Propos recueillis par Daoud Boughezala, Élisabeth Lévy et Gil Mihaely

Causeur. Nous allons nous parler franchement. Comme beaucoup de gens, nous trouvons votre livre passionnant et profond parce qu’il parle de la France et du pouvoir avec beaucoup de culture et d’intelligence, mais il n’en est pas moins le fruit d’une trahison…

Patrick Buisson. Oui, c’est certain ! Sans la trahison de Sarkozy à mon endroit, ce livre n’existerait pas !

C’est de l’humour ? Vous êtes dépité parce que Nicolas Sarkozy, au moment de l’affaire des enregistrements, vous a congédié sans vous écouter. Alors d’accord, on doit toujours respecter les droits de la défense et il aurait dû vous entendre. Mais de là à prétendre que vous êtes l’offensé, c’est un peu exagéré ! Vous avez enregistré à son insu l’homme que vous étiez supposé servir, et au passage tous ceux qui travaillaient avec lui, comment ne se seraient-ils pas sentis trahis ?

Ce qu’il y a d’étonnant dans cette affaire, c’est que les vieilles méthodes de basse police utilisées pour salir les gêneurs sont toujours aussi efficaces. Ce fichier m’a été volé. Par qui et pourquoi ? Personne ne se pose la question. Le scandale n’est pas là mais dans l’usage que j’aurais pu en faire. Cela s’appelle un procès d’intention. Pour le reste, je n’étais ni fonctionnaire ni élu, mais un prestataire de services. Être à l’écart du chaudron élyséen était pour moi une garantie d’indépendance… et de clairvoyance. C’était à moi de juger des meilleurs moyens d’accomplir ma mission.
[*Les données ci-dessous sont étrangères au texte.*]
definition on_chan :: "'m msgset \<Rightarrow> nat \<Rightarrow> nat \<Rightarrow> 'm list \<Rightarrow> 'm list" where
  "on_chan M i j xs = filter (\<lambda>a. src M a = i \<and> dst M a = j) xs"

definition is_buf :: "'m msgset \<Rightarrow> nat \<Rightarrow> nat \<Rightarrow> 'm action list \<Rightarrow> 'm list \<Rightarrow> bool" where
  "is_buf M i j \<tau> w \<longleftrightarrow> on_chan M i j (sends \<tau>) = on_chan M i j (recvs \<tau>) @ w"

definition kfifo :: "'m msgset \<Rightarrow> nat \<Rightarrow> 'm action list \<Rightarrow> bool" where
  "kfifo M k \<tau> \<longleftrightarrow> (\<forall>n\<le>length \<tau>. \<forall>i j. \<exists>w. is_buf M i j (take n \<tau>) w \<and> length w \<le> k)"

text \<open>!?a abbreviation: syncw [a1,...,ak] = !?a1 ... !?ak\<close>
definition syncw :: "'m list \<Rightarrow> 'm action list" where
  "syncw as = concat (map (\<lambda>a. [Send a, Recv a]) as)"

definition synchronous :: "'m action list \<Rightarrow> bool" where
  "synchronous \<tau> \<longleftrightarrow> (\<exists>as. \<tau> = syncw as)"

definition T :: "'m msgset \<Rightarrow> ('m, 's) system \<Rightarrow> nat \<Rightarrow> 'm action list set" where
  "T M S k = {\<tau>. (if k = 0 then synchronous \<tau> else kfifo M k \<tau>) \<and> (\<exists>c. run M S (c0 S) \<tau> c)}"

definition Tomega :: "'m msgset \<Rightarrow> ('m, 's) system \<Rightarrow> 'm action list set" where
  "Tomega M S = (\<Union>k. T M S k)"
(* Assume the ranking mechanism is consistent and $H$ is fixed. Let $(K_n)_{n\ge1}$ be any sequence of CDFs and fix $t\in\mathbb R$. Put $\sigma_n^2=\mathbb V(K_n(t-X))$ and $\Delta_n=\sum_{r=1}^H\big(\mathbb E K_n(t-X_{[r]})-\mathbb E K_n(t-X)\big)^2$. Then $0\le \Delta_n/H\le\sigma_n^2$, and $$n\,\mathbb V\big(F_{n;jps}(t)\big)-\Big(\sigma_n^2-\frac{\Delta_n}{H}\Big)\longrightarrow 0\quad(n\to\infty).$$ Equivalently, since $n\mathbb V(F_{n;srs}(t))=\sigma_n^2$, one has $n\mathbb V(F_{n;jps}(t))=n\mathbb V(F_{n;srs}(t))(1-\delta_n)+o(1)$ with $\delta_n=\Delta_n/(H\sigma_n^2)\in[0,1]$ (when $\sigma_n^2>0$).
   Context: Setting (judgment post stratification, JPS). Fix an integer set size $H\ge 2$ and a sample size $n\ge 1$. A JPS sample is a collection of $n$ i.i.d. pairs $(X_1,R_1),\dots,(X_n,R_n)$, where $R_i\in\{1,\dots,H\}$ with $P(R_i=r)=1/H$ for each $r$, and conditionally on $R_i=r$ the real random variable $X_i$ has CDF $F_{[r]}$; $X_{[r]}$ denotes a random variable with CDF $F_{[r]}$. Let $F$ be the population CDF and $X$ a random variable with CDF $F$. The ranking mechanism is called consistent if $F(t)=\frac1H\sum_{r=1}^H F_{[r]}(t)$ for all $t\in\mathbb R$ (so each $X_i$ has marginal CDF $F$). Define $I_{ir}=\mathbb I(R_i=r)$, $N_r=\sum_{i=1}^n I_{ir}$, $J_r=1/N_r$ if $N_r>0$ and $J_r=0$ otherwise, $d_n=\sum_{r=1}^H\mathbb I(N_r>0)$, and $W_r=\mathbb I(N_r>0)/d_n$. Given a CDF $K_n$ on $\mathbb R$, define $F_{n;[r]}(t)=\frac1{N_r}\sum_{i=1}^n K_n(t-X_i)I_{ir}$ if $N_r>0$ and $F_{n;[r]}(t)=0$ otherwise, and the JPS estimator $F_{n;jps}(t)=\sum_{r=1}^H W_rF_{n;[r]}(t)$. For an i.i.d. sample $X_1,\dots,X_n$ from $F$ (simple random sample, SRS), the SRS estimator is $F_{n;srs}(t)=\frac1n\sum_{i=1}^n K_n(t-X_i)$. *)

theory Defs
  imports "HOL-Probability.Probability"
begin

definition is_CDF :: "(real \<Rightarrow> real) \<Rightarrow> bool" where
  "is_CDF G \<longleftrightarrow> mono G \<and> (\<forall>x. continuous (at_right x) G) \<and>
     (G \<longlongrightarrow> 0) at_bot \<and> (G \<longlongrightarrow> 1) at_top"
lemma measurable_Y_law_kernel:
  assumes [measurable]: "cum_int psi \<in> borel_measurable M"
  shows "(\<lambda>a. measure_pmf (Y_law psi Xt a)) \<in> measurable M (subprob_algebra (count_space UNIV))"
proof (rule measurable_subprob_algebra)
  fix B :: "nat set"
  have "emeasure (measure_pmf (Y_law psi Xt a)) B
      = (\<Sum>n. ennreal (pmf (poisson0 (cum_int psi a)) n) * emeasure (measure_pmf (iid_sum n Xt)) B)" for a
    by (simp add: Y_law_def nn_integral_measure_pmf nn_integral_count_space_nat)
  then show "(\<lambda>a. emeasure (measure_pmf (Y_law psi Xt a)) B) \<in> borel_measurable M"
    by simp
qed (auto intro: subprob_space_measure_pmf)

lemma prob_space_age_law:
  assumes "fA \<in> borel_measurable borel" "(\<integral>\<^sup>+ a\<in>{0..}. ennreal (fA a) \<partial>lborel) = 1"
  shows "prob_space (age_law fA)"
proof (rule prob_spaceI)
  show "emeasure (age_law fA) (space (age_law fA)) = 1"
    using assms by (simp add: age_law_def emeasure_density mult.commute)
qed

lemma sets_age_law [measurable_cong]: "sets (age_law fA) = sets borel"
  by (simp add: age_law_def)

lemma nn_integral_Ytilde_law:
  assumes "cum_int psi \<in> borel_measurable borel"
  shows "(\<integral>\<^sup>+y. f y \<partial>Ytilde_law psi Xt fA)
    = (\<integral>\<^sup>+a. \<integral>\<^sup>+y. f y \<partial>Y_law psi Xt a \<partial>age_law fA)"
  unfolding Ytilde_law_def
  by (rule nn_integral_bind[OF _ measurable_Y_law_kernel]) (use assms in simp_all)

lemma sets_Ytilde_law: "sets (Ytilde_law psi Xt fA) = sets (count_space UNIV)"
  by (simp add: Ytilde_law_def sets_bind[where N = "count_space UNIV"] age_law_def)

lemma moment_ratio_ge:
  fixes e1 e2 m1 m2 :: real
  assumes "0 < e1" "0 < m1" "e1 ^ 2 \<le> e2"
  shows "e1 * m1 + m2 / m1 \<le> (e1 * m2 + e2 * m1 ^ 2) / (e1 * m1)"
proof -
  have "(e1 * m1 + m2 / m1) * (e1 * m1) = e1 ^ 2 * m1 ^ 2 + e1 * m2"
    using assms by (simp add: field_simps power2_eq_square)
  also have "\<dots> \<le> e1 * m2 + e2 * m1 ^ 2"
    using assms by (simp add: mult_right_mono)
  finally show ?thesis
    using assms by (simp add: pos_le_divide_eq)
qed
definition orbit_preservers :: "'a set \<Rightarrow> ('a \<Rightarrow> 'a \<Rightarrow> 'a) \<Rightarrow> 'a set \<Rightarrow> 'a set" where
  "orbit_preservers X op S = {x\<in>X. \<forall>y\<in>X. op x y \<in> orbit X op S y}"

lemma subset_orbit_preservers:
  assumes "S \<subseteq> X"
  shows "S \<subseteq> orbit_preservers X op S"
proof
  fix a assume "a \<in> S"
  then have "a \<in> X" "\<forall>y\<in>X. op a y \<in> orbit X op S y" using assms op_mem_orbit by auto
  then show "a \<in> orbit_preservers X op S" unfolding orbit_preservers_def by simp
qed

lemma orbit_preservers_mono:
  assumes "\<And>y. y \<in> X \<Longrightarrow> orbit X op S y \<subseteq> orbit X op T y"
  shows "orbit_preservers X op S \<subseteq> orbit_preservers X op T"
  using assms unfolding orbit_preservers_def by auto

locale rack_on =
  fixes X :: "'a set" and op :: "'a \<Rightarrow> 'a \<Rightarrow> 'a"
  assumes rack: "rack X op"
begin

lemma op_closed: "a \<in> X \<Longrightarrow> b \<in> X \<Longrightarrow> op a b \<in> X"
  using rack unfolding rack_def by blast

lemma op_self_distrib: "a \<in> X \<Longrightarrow> b \<in> X \<Longrightarrow> c \<in> X \<Longrightarrow> op a (op b c) = op (op a b) (op a c)"
  using rack unfolding rack_def by blast

lemma bij_betw_op: "a \<in> X \<Longrightarrow> bij_betw (op a) X X"
  using rack unfolding rack_def by blast

lemma inj_on_op: "a \<in> X \<Longrightarrow> inj_on (op a) X"
  using bij_betw_op bij_betw_imp_inj_on by blast

lemma inv_op_mem: "a \<in> X \<Longrightarrow> y \<in> X \<Longrightarrow> inv_into X (op a) y \<in> X"
  using bij_betw_op by (metis bij_betw_def inv_into_into)

lemma op_inv_op: "a \<in> X \<Longrightarrow> y \<in> X \<Longrightarrow> op a (inv_into X (op a) y) = y"
  using bij_betw_op by (metis bij_betw_def f_inv_into_f)

lemma inv_op_op: "a \<in> X \<Longrightarrow> y \<in> X \<Longrightarrow> inv_into X (op a) (op a y) = y"
  using inj_on_op by (metis inv_into_f_f)

lemma orbit_subset:
  assumes "S \<subseteq> X"
  shows "orbit X op S x \<subseteq> X"
proof
  fix y assume "y \<in> orbit X op S x"
  then show "y \<in> X" by induction (use assms in \<open>auto intro: op_closed inv_op_mem\<close>)
qed

lemma orbit_sym:
  assumes S: "S \<subseteq> X" and "y \<in> orbit X op S x"
  shows "x \<in> orbit X op S y"
  using assms(2)
proof (induction y rule: orbit.induct)
  case base
  then show ?case by (rule orbit.base)
next
  case (fwd y a)
  have a: "a \<in> X" and y: "y \<in> X" using fwd S orbit_subset by blast+
  have "inv_into X (op a) (op a y) \<in> orbit X op S (op a y)"
    using orbit.base[OF op_closed[OF a y]] fwd.hyps(2) by (rule orbit.bwd)
  then have "y \<in> orbit X op S (op a y)" using inv_op_op[OF a y] by simp
  then show ?case using fwd.IH by (rule orbit_trans)
next
  case (bwd y a)
  have a: "a \<in> X" and y: "y \<in> X" using bwd S orbit_subset by blast+
  have "op a (inv_into X (op a) y) \<in> orbit X op S (inv_into X (op a) y)"
    using bwd.hyps(2) inv_op_mem[OF a y] by (rule op_mem_orbit)
  then have "y \<in> orbit X op S (inv_into X (op a) y)" using op_inv_op[OF a y] by simp
  then show ?case using bwd.IH by (rule orbit_trans)
qed

lemma orbit_eq:
  assumes "S \<subseteq> X" and "y \<in> orbit X op S x"
  shows "orbit X op S y = orbit X op S x"
  using orbit_trans[OF assms(2)] orbit_trans[OF orbit_sym[OF assms]] by blast

lemma orbit_subset_subrack:
  assumes fin: "finite X" and S: "S \<in> subracks X op" and "s \<in> S"
  shows "orbit X op S s \<subseteq> S"
proof
  fix y assume "y \<in> orbit X op S s"
  then show "y \<in> S"
  proof (induction y rule: orbit.induct)
    case base
    show ?case using \<open>s \<in> S\<close> by simp
  next
    case (fwd y a)
    then show ?case using S unfolding subracks_def by blast
  next
    case (bwd y a)
    have SX: "S \<subseteq> X" and a: "a \<in> X" and into: "op a ` S \<subseteq> S"
      using S bwd.hyps(2) unfolding subracks_def by auto
    \<comment> \<open>by finiteness, the injective map op a of S into itself is onto S\<close>
    have "op a ` S = S"
      using finite_subset[OF SX fin] into inj_on_subset[OF inj_on_op[OF a] SX] by (rule endo_inj_surj)
    then obtain w where "w \<in> S" "y = op a w" using bwd.IH by blast
    then show ?case using inv_op_op a SX by auto
  qed
qed

lemma orbit_preservers_subrack:
  assumes S: "S \<subseteq> X"
  shows "orbit_preservers X op S \<in> subracks X op"
  unfolding subracks_def
proof (intro CollectI conjI ballI)
  show "orbit_preservers X op S \<subseteq> X" unfolding orbit_preservers_def by blast
next
  fix u v assume u: "u \<in> orbit_preservers X op S" and v: "v \<in> orbit_preservers X op S"
  then have uX: "u \<in> X" and vX: "v \<in> X" unfolding orbit_preservers_def by auto
  have "op (op u v) y \<in> orbit X op S y" if y: "y \<in> X" for y
  proof -
    define w where "w = inv_into X (op u) y"
    have wX: "w \<in> X" and y_eq: "y = op u w" using inv_op_mem op_inv_op uX y unfolding w_def by auto
    have "op (op u v) y = op u (op v w)" using op_self_distrib uX vX wX y_eq by simp
    moreover have "op u (op v w) \<in> orbit X op S (op v w)"
      using u op_closed[OF vX wX] unfolding orbit_preservers_def by blast
    moreover have "orbit X op S (op v w) = orbit X op S w"
      using v wX S orbit_eq unfolding orbit_preservers_def by blast
    moreover have "orbit X op S y = orbit X op S w"
      using u wX S orbit_eq y_eq unfolding orbit_preservers_def by blast
    ultimately show ?thesis by simp
  qed
  then show "op u v \<in> orbit_preservers X op S"
    using op_closed[OF uX vX] unfolding orbit_preservers_def by blast
qed

lemma orbit_orbit_preservers:
  assumes S: "S \<subseteq> X"
  shows "orbit X op (orbit_preservers X op S) x \<subseteq> orbit X op S x"
proof
  fix z assume "z \<in> orbit X op (orbit_preservers X op S) x"
  then show "z \<in> orbit X op S x"
  proof induction
    case base
    then show ?case by (rule orbit.base)
  next
    case (fwd z a)
    have "z \<in> X" using orbit_subset[OF S] fwd.IH by (rule subsetD)
    then have "op a z \<in> orbit X op S z" using fwd.hyps(2) unfolding orbit_preservers_def by simp
    with fwd.IH show ?case by (rule orbit_trans)
  next
    case (bwd z a)
    define w where "w = inv_into X (op a) z"
    have a: "a \<in> X" and preserves: "\<forall>y\<in>X. op a y \<in> orbit X op S y"
      using bwd.hyps(2) unfolding orbit_preservers_def by auto
    have "z \<in> X" using orbit_subset[OF S] bwd.IH by (rule subsetD)
    then have "w \<in> X" "op a w = z" using inv_op_mem[OF a] op_inv_op[OF a] unfolding w_def by auto
    then have "z \<in> orbit X op S w" using preserves by auto
    then have "w \<in> orbit X op S z" by (rule orbit_sym[OF S])
    with bwd.IH show ?case unfolding w_def by (rule orbit_trans)
  qed
qed

lemma orbit_eq_if_orbit_structure_eq:
  assumes "orbit_structure X op T = orbit_structure X op S" and "S \<subseteq> X" and "y \<in> X"
  shows "orbit X op T y = orbit X op S y"
proof -
  obtain z where z: "orbit X op T y = orbit X op S z"
    using assms(1,3) unfolding orbit_structure_def by blast
  moreover have "y \<in> orbit X op T y" using assms(3) by (rule orbit.base)
  ultimately show ?thesis using orbit_eq[OF assms(2)] by simp
qed

lemma eta_eqI:
  assumes S: "S \<in> subracks X op" and preservers: "orbit_preservers X op S \<subseteq> S"
  shows "eta X op S = S"
proof -
  have largest: "T \<subseteq> S"
    if "T \<in> subracks X op" and "orbit_structure X op T = orbit_structure X op S" for T
  proof -
    have T: "T \<subseteq> X" and S: "S \<subseteq> X" using that(1) S unfolding subracks_def by auto
    from T have "T \<subseteq> orbit_preservers X op T" by (rule subset_orbit_preservers)
    also have "\<dots> \<subseteq> orbit_preservers X op S"
      using orbit_eq_if_orbit_structure_eq[OF that(2) S] by (intro orbit_preservers_mono) simp
    finally show ?thesis using preservers by blast
  qed
  show ?thesis
    unfolding eta_def by (rule the_equality) (use S largest in auto)
qed

lemma pi_n_eq: "pi_n f X op S = (\<lambda>x. f ` orbit X op S x) ` X"
  unfolding pi_n_def orbit_structure_def by (simp add: image_image)

lemma image_orbit_mem_iff:
  assumes "inj_on f X" and "S \<subseteq> X" and "y \<in> X"
  shows "f y \<in> f ` orbit X op S x \<longleftrightarrow> y \<in> orbit X op S x"
  using assms(1,3) orbit_subset[OF assms(2)] by (rule inj_on_image_mem_iff)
J’avais une obligation de résultats, pas de moyens.

Avoir l’influence sans le titre, cela a l’air très noble, mais c’est aussi une façon d’exercer le pouvoir sans en subir les contraintes.

Et sans bénéficier non plus des protections que le pouvoir procure ! Si j’avais été en poste à l’Élysée, ce qu’on a appelé l’affaire des sondages n’aurait jamais existé. En grand serviteur de l’État, Philippe Séguin avait proposé que ce type de dépenses relève d’une liste civile du président de la République non soumise au contrôle de la Cour des comptes. Je n’ai eu connaissance du refus invraisemblable que lui a opposé Sarkozy qu’à travers les pièces de l’instruction. L’eussé-je su à l’époque que j’aurais renoncé sur-le-champ à ma mission. La trahison de Sarkozy à mon endroit est là tout entière : un homme d’État couvre ses collaborateurs, il ne les expose pas pour se protéger et se dédouaner. D’autant que l’article 67 de la Constitution lui assurait l’immunité pour tous les actes accomplis dans l’exercice de sa charge.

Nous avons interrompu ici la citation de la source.